Od tego okresu, pomimo ogromnych przemian politycznych, społecznych i cywilizacyjnych pochód Lajkonika, zwanego też Konikiem zwierzynieckim, odbywał się niemal każdego roku w tym samym terminie (okres oktawy święta Bożego Ciała) i przebiegał tą samą trasą, biegnącą ze Zwierzyńca do obszaru Starego Miasta Krakowa. Tego dnia, bez względu na pogodę, egzotycznie odziany jeździec na drewnianym koniku w asyście trzydziestu włóczków, chorągwi i ośmioosobowej kapeli przemierza tradycyjną trasę.
W opisanym okresie zdarzały się kilkuletnie przerwy w odbywaniu pochodu (m.in. w latach drugiej wojny światowej i bezpośrednio po jej zakończeniu), lecz nigdy nie doszło do przerwania przekazu międzypokoleniowego pomiędzy kolejnymi generacjami, które dbały o przetrwania tej tradycji. Korzenie tradycji Pochodu Lajkonika związane są podkrakowskimi gminami Zwierzyniec i Półwsie Zwierzynieckie oraz klasztorem Sióstr Norbertanek. Do końca XVIII wieku, czyli do chwili utraty niepodległości, Konik zwierzyniecki był jednocześnie obrzędem związanym z lokalną społecznością przedmieść, ale również z konkretną grupą zawodową, czyli krakowskimi włóczkami. Po upadku organizacji zawodowej włóczków obrzęd przetrwał dzięki osobistemu zaangażowaniu jej byłych członków. Była to rodzina Micińskich, która zajmowała się aranżacją Lajkonika do 1972 roku. Po Micińskich odpowiedzialność za obrzęd wzięły na siebie krakowskie rodziny Mazurów, Marcinkowskich i Glonków, których kolejne pokolenia wcielają się w postacie z orszaku. Od 1947 roku wspomaga ich w tej godnej podziwu misji Muzeum Historyczne Miasta Krakowa, w którego gestii pozostają sprawy organizacyjne m.in. przygotowanie barwnych strojów dla orszaku.
Orszak Lajkonika
Około godziny pierwszej po południu, od strony rzeki Rudawy Lajkonik wpada z impetem na dziedziniec klasztoru ss. Norbertanek na Zwierzyńcu, aby odtańczyć tradycyjny taniec z chorągwią w magicznym kręgu zatoczonym przez jego pobratymców, a przede wszystkim, aby złożyć uszanowanie przełożonej klasztoru. Następnie podąża ulicami Kościuszki, Zwierzyniecką, Franciszkańską i Grodzką do Rynku Głównego. Przy dźwiękach starodawnych melodii harcuje, odwiedza sklepy, restauracje, hojnie rozdając razy buławą oraz zbierając datki do koszyczka. Towarzyszy temu śmiech, zabawa, ale i nieodłączna tajemnica.

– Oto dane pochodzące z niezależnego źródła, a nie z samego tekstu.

lemma gauss_prod_add_mean_density:
  assumes I: "finite I" and sig: "\<And>i. \<sigma> i > 0"
  shows "gauss_prod I (\<lambda>i. \<mu> i + c i) \<sigma> = density (gauss_prod I \<mu> \<sigma>)
     (\<lambda>x. ennreal (exp (\<Sum>i\<in>I. c i * (x i - \<mu> i) / (\<sigma> i)\<^sup>2 - (c i)\<^sup>2 / (2 * (\<sigma> i)\<^sup>2))))"
    (is "_ = density ?M ?f")
proof -
  interpret T: product_prob_space "\<lambda>i. gauss (\<mu> i + c i) (\<sigma> i)"
    by (rule product_prob_space_gauss) (rule sig)
  interpret S: product_prob_space "\<lambda>i. gauss (\<mu> i) (\<sigma> i)"
    by (rule product_prob_space_gauss) (rule sig)
  define w where "w i y = ennreal (exp (c i * (y - \<mu> i) / (\<sigma> i)\<^sup>2 - (c i)\<^sup>2 / (2 * (\<sigma> i)\<^sup>2)))" for i y
  have [measurable]: "w i \<in> borel_measurable borel" for i unfolding w_def by measurable
  have f: "?f = (\<lambda>x. \<Prod>i\<in>I. w i (x i))" by (simp add: w_def exp_sum[OF I] prod_ennreal)
  have w: "emeasure (gauss (\<mu> i + c i) (\<sigma> i)) (A i) = (\<integral>\<^sup>+y. w i y * indicator (A i) y \<partial>gauss (\<mu> i) (\<sigma> i))"
    if "A i \<in> sets borel" for A i
    using that by (simp add: gauss_add_mean_density[OF sig] w_def[abs_def] emeasure_density)
  show ?thesis
  proof (rule T.PiM_eqI[OF I, symmetric])
    show "sets (density ?M ?f) = sets (gauss_prod I (\<lambda>i. \<mu> i + c i) \<sigma>)"
      by (simp add: sets_gauss_prod)
    fix A assume A: "\<And>i. i \<in> I \<Longrightarrow> A i \<in> sets (gauss (\<mu> i + c i) (\<sigma> i))"
    have "Pi\<^sub>E I A \<in> sets ?M" by (rule sets_PiM_I_finite[OF I]) (use A in auto)
    then have "emeasure (density ?M ?f) (Pi\<^sub>E I A) = (\<integral>\<^sup>+x. ?f x * indicator (Pi\<^sub>E I A) x \<partial>?M)"
      by (rule emeasure_density[rotated]) (simp add: f)
    also have "\<dots> = (\<integral>\<^sup>+x. (\<Prod>i\<in>I. w i (x i) * indicator (A i) (x i)) \<partial>?M)"
    proof (intro nn_integral_cong)
      fix x assume "x \<in> space ?M"
      then have "indicator (Pi\<^sub>E I A) x = (\<Prod>i\<in>I. indicator (A i) (x i) :: ennreal)"
        by (intro indicator_PiE_eq_prod[OF I]) (simp add: space_PiM PiE_def)
      then show "?f x * indicator (Pi\<^sub>E I A) x = (\<Prod>i\<in>I. w i (x i) * indicator (A i) (x i))"
        by (simp add: prod.distrib fun_cong[OF f])
    qed
    also have "\<dots> = (\<Prod>i\<in>I. (\<integral>\<^sup>+y. w i y * indicator (A i) y \<partial>gauss (\<mu> i) (\<sigma> i)))"
      by (rule S.product_nn_integral_prod[OF I]) (use A in auto)
    finally show "emeasure (density ?M ?f) (Pi\<^sub>E I A) = (\<Prod>i\<in>I. emeasure (gauss (\<mu> i + c i) (\<sigma> i)) (A i))"
      using A by (simp add: w)
  qed
qed

lemma gauss_moments:
  assumes "\<sigma> > 0"
  shows "integrable (gauss \<mu> \<sigma>) (\<lambda>y. y - \<mu>)" "integral\<^sup>L (gauss \<mu> \<sigma>) (\<lambda>y. y - \<mu>) = 0"
    "integrable (gauss \<mu> \<sigma>) (\<lambda>y. (y - \<mu>)\<^sup>2)" "integral\<^sup>L (gauss \<mu> \<sigma>) (\<lambda>y. (y - \<mu>)\<^sup>2) = \<sigma>\<^sup>2"
    "integrable (gauss \<mu> \<sigma>) (\<lambda>y. y)" "integral\<^sup>L (gauss \<mu> \<sigma>) (\<lambda>y. y) = \<mu>"
proof -
  have nn: "AE x in lborel. 0 \<le> normal_density \<mu> \<sigma> x" by simp
  have i1: "integrable lborel (\<lambda>x. normal_density \<mu> \<sigma> x * (x - \<mu>) ^ 1)"
    using integrable_normal_moment[OF assms, of \<mu> 1] .
  have i2: "integrable lborel (\<lambda>x. normal_density \<mu> \<sigma> x * (x - \<mu>) ^ 2)"
    using integrable_normal_moment[OF assms, of \<mu> 2] .
  have i0: "integrable lborel (\<lambda>x. normal_density \<mu> \<sigma> x * x)"
    using integrable_normal_moment_nz_1[OF assms] .
  show "integrable (gauss \<mu> \<sigma>) (\<lambda>y. y - \<mu>)"
    unfolding dens_measure_def using i1 by (subst integrable_density) auto
  show "integrable (gauss \<mu> \<sigma>) (\<lambda>y. (y - \<mu>)\<^sup>2)"
    unfolding dens_measure_def using i2 by (subst integrable_density) auto
  show "integrable (gauss \<mu> \<sigma>) (\<lambda>y. y)"
    unfolding dens_measure_def using i0 by (subst integrable_density) auto
  have "integral\<^sup>L (gauss \<mu> \<sigma>) (\<lambda>y. y - \<mu>) = integral\<^sup>L lborel (\<lambda>x. normal_density \<mu> \<sigma> x * (x - \<mu>) ^ (2 * 0 + 1))"
    unfolding dens_measure_def by (subst integral_density) auto
  then show "integral\<^sup>L (gauss \<mu> \<sigma>) (\<lambda>y. y - \<mu>) = 0"
    using integral_normal_moment_odd[OF assms, of \<mu> 0] by simp
  have "integral\<^sup>L (gauss \<mu> \<sigma>) (\<lambda>y. (y - \<mu>)\<^sup>2) = integral\<^sup>L lborel (\<lambda>x. normal_density \<mu> \<sigma> x * (x - \<mu>) ^ (2 * 1))"
    unfolding dens_measure_def by (subst integral_density) auto
  then show "integral\<^sup>L (gauss \<mu> \<sigma>) (\<lambda>y. (y - \<mu>)\<^sup>2) = \<sigma>\<^sup>2"
    using integral_normal_moment_even[OF assms, of \<mu> 1] by simp
  have "integral\<^sup>L (gauss \<mu> \<sigma>) (\<lambda>y. y) = integral\<^sup>L lborel (\<lambda>x. normal_density \<mu> \<sigma> x * x)"
    unfolding dens_measure_def by (subst integral_density) auto
  then show "integral\<^sup>L (gauss \<mu> \<sigma>) (\<lambda>y. y) = \<mu>"
    using integral_normal_moment_nz_1[OF assms] by simp
qed

lemma measure_gauss_UNIV: "\<sigma> > 0 \<Longrightarrow> measure (gauss \<mu> \<sigma>) UNIV = 1"
  using prob_space.prob_space[OF prob_space_gauss[of \<sigma> \<mu>]] by simp

lemma dvar_normal_density: "\<sigma> > 0 \<Longrightarrow> dvar (normal_density 0 \<sigma>) = \<sigma>\<^sup>2"
  using gauss_moments[of \<sigma> 0] by (simp add: dvar_def mvar_def)

context
  fixes I :: "'i set" and \<mu> \<sigma> :: "'i \<Rightarrow> real"
  assumes I: "finite I" and sig: "\<And>i. \<sigma> i > 0"
begin

interpretation S: product_prob_space "\<lambda>i. gauss (\<mu> i) (\<sigma> i)" by (rule product_prob_space_gauss) (rule sig)

lemma gauss_prod_integral_component:
  fixes g :: "real \<Rightarrow> real"
  assumes i: "i \<in> I" and g: "integrable (gauss (\<mu> i) (\<sigma> i)) g"
  shows "integrable (gauss_prod I \<mu> \<sigma>) (\<lambda>x. g (x i))"
    and "integral\<^sup>L (gauss_prod I \<mu> \<sigma>) (\<lambda>x. g (x i)) = integral\<^sup>L (gauss (\<mu> i) (\<sigma> i)) g"
proof -
  have [measurable]: "g \<in> borel_measurable (gauss (\<mu> i) (\<sigma> i))" using g by auto
  have comp: "(\<lambda>x. x i) \<in> gauss_prod I \<mu> \<sigma> \<rightarrow>\<^sub>M gauss (\<mu> i) (\<sigma> i)"
    using i by (rule measurable_component_singleton)
  show "integrable (gauss_prod I \<mu> \<sigma>) (\<lambda>x. g (x i))"
    using g integrable_distr_eq[OF comp, of g] by (simp add: S.PiM_component[OF i])
  show "integral\<^sup>L (gauss_prod I \<mu> \<sigma>) (\<lambda>x. g (x i)) = integral\<^sup>L (gauss (\<mu> i) (\<sigma> i)) g"
    using integral_distr[OF comp, of g] by (simp add: S.PiM_component[OF i])
qed

lemma gauss_prod_integral_components:
  fixes g h :: "real \<Rightarrow> real"
  assumes i: "i \<in> I" and k: "k \<in> I" and ik: "i \<noteq> k"
    and g: "integrable (gauss (\<mu> i) (\<sigma> i)) g" and h: "integrable (gauss (\<mu> k) (\<sigma> k)) h"
  shows "integrable (gauss_prod I \<mu> \<sigma>) (\<lambda>x. g (x i) * h (x k))"
    "integral\<^sup>L (gauss_prod I \<mu> \<sigma>) (\<lambda>x. g (x i) * h (x k))
      = integral\<^sup>L (gauss (\<mu> i) (\<sigma> i)) g * integral\<^sup>L (gauss (\<mu> k) (\<sigma> k)) h"
proof -
  define f where "f j = (if j = i then g else if j = k then h else (\<lambda>_. 1::real))" for j
  have fi: "integrable (gauss (\<mu> j) (\<sigma> j)) (f j)" for j
    using g h S.M.integrable_const by (auto simp: f_def)
  have pe: "(\<Prod>j\<in>I. F j) = F i * F k" if "\<And>j. j \<noteq> i \<Longrightarrow> j \<noteq> k \<Longrightarrow> F j = 1" for F :: "'i \<Rightarrow> real"
  proof -
    have "(\<Prod>j\<in>I. F j) = F i * (\<Prod>j\<in>I - {i}. F j)" using I i by (simp add: prod.remove)
    also have "(\<Prod>j\<in>I - {i}. F j) = F k * (\<Prod>j\<in>I - {i} - {k}. F j)" using I k ik by (subst prod.remove) auto
    also have "(\<Prod>j\<in>I - {i} - {k}. F j) = 1" using that by (intro prod.neutral) auto
    finally show ?thesis by simp
  qed
  have eq: "(\<Prod>j\<in>I. f j (x j)) = g (x i) * h (x k)" for x
    using ik by (subst pe) (auto simp: f_def)
  show "integrable (gauss_prod I \<mu> \<sigma>) (\<lambda>x. g (x i) * h (x k))"
    using S.product_integrable_prod[OF I fi] by (simp add: eq)
  have "integral\<^sup>L (gauss_prod I \<mu> \<sigma>) (\<lambda>x. g (x i) * h (x k)) = (\<Prod>j\<in>I. integral\<^sup>L (gauss (\<mu> j) (\<sigma> j)) (f j))"
    using S.product_integral_prod[OF I fi] by (simp add: eq)
  also have "\<dots> = integral\<^sup>L (gauss (\<mu> i) (\<sigma> i)) g * integral\<^sup>L (gauss (\<mu> k) (\<sigma> k)) h"
    using ik by (subst pe) (auto simp: f_def measure_gauss_UNIV sig)
  finally show "integral\<^sup>L (gauss_prod I \<mu> \<sigma>) (\<lambda>x. g (x i) * h (x k))
      = integral\<^sup>L (gauss (\<mu> i) (\<sigma> i)) g * integral\<^sup>L (gauss (\<mu> k) (\<sigma> k)) h" .
qed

Przedziera się przez tłum. Już widać jego rączego rumaka i szpiczastą tatarską czapę zwieńczoną złotym półksiężycem. Ruch, taniec, razy buławą na szczęście, muzyka a zwłaszcza głębokie, równomierne dźwięki bębna tworzą niezwykły nastrój pochodu.
XIX-wieczne wyobrażenie pochodu Żydów z okazji narodzin przyszłego cesarza Józefa II, „Oesterreichischer Volkskalender” 1848, z kolekcji Bayerische Staatsbibliothek w Monachium - http://teatr-zydowski.krakow.pl/
Do końca XIX w. strój Lajkonika wyglądał zupełnie inaczej niż dzisiaj, a drużyna i kapela ubierane były w przypadkowo dobierane kostiumy, co można zobaczyć na obrazach Michała Stachiewicza z ok. 1820 r., Hipolita Lipińskiego z ok. 1880 r. i na fotografiach z końca XIX w. Obecny ubiór zaprojektowany został w 1904 r. przez Stanisława Wyspiańskiego. W latach 1950-1996 drużyna i kapela występuje w kostiumach według projektu profesora Akademii Sztuk Pięknych, Witolda Chomicza, a od 1997 r. w strojach autorstwa Krystyny Zachwatowicz.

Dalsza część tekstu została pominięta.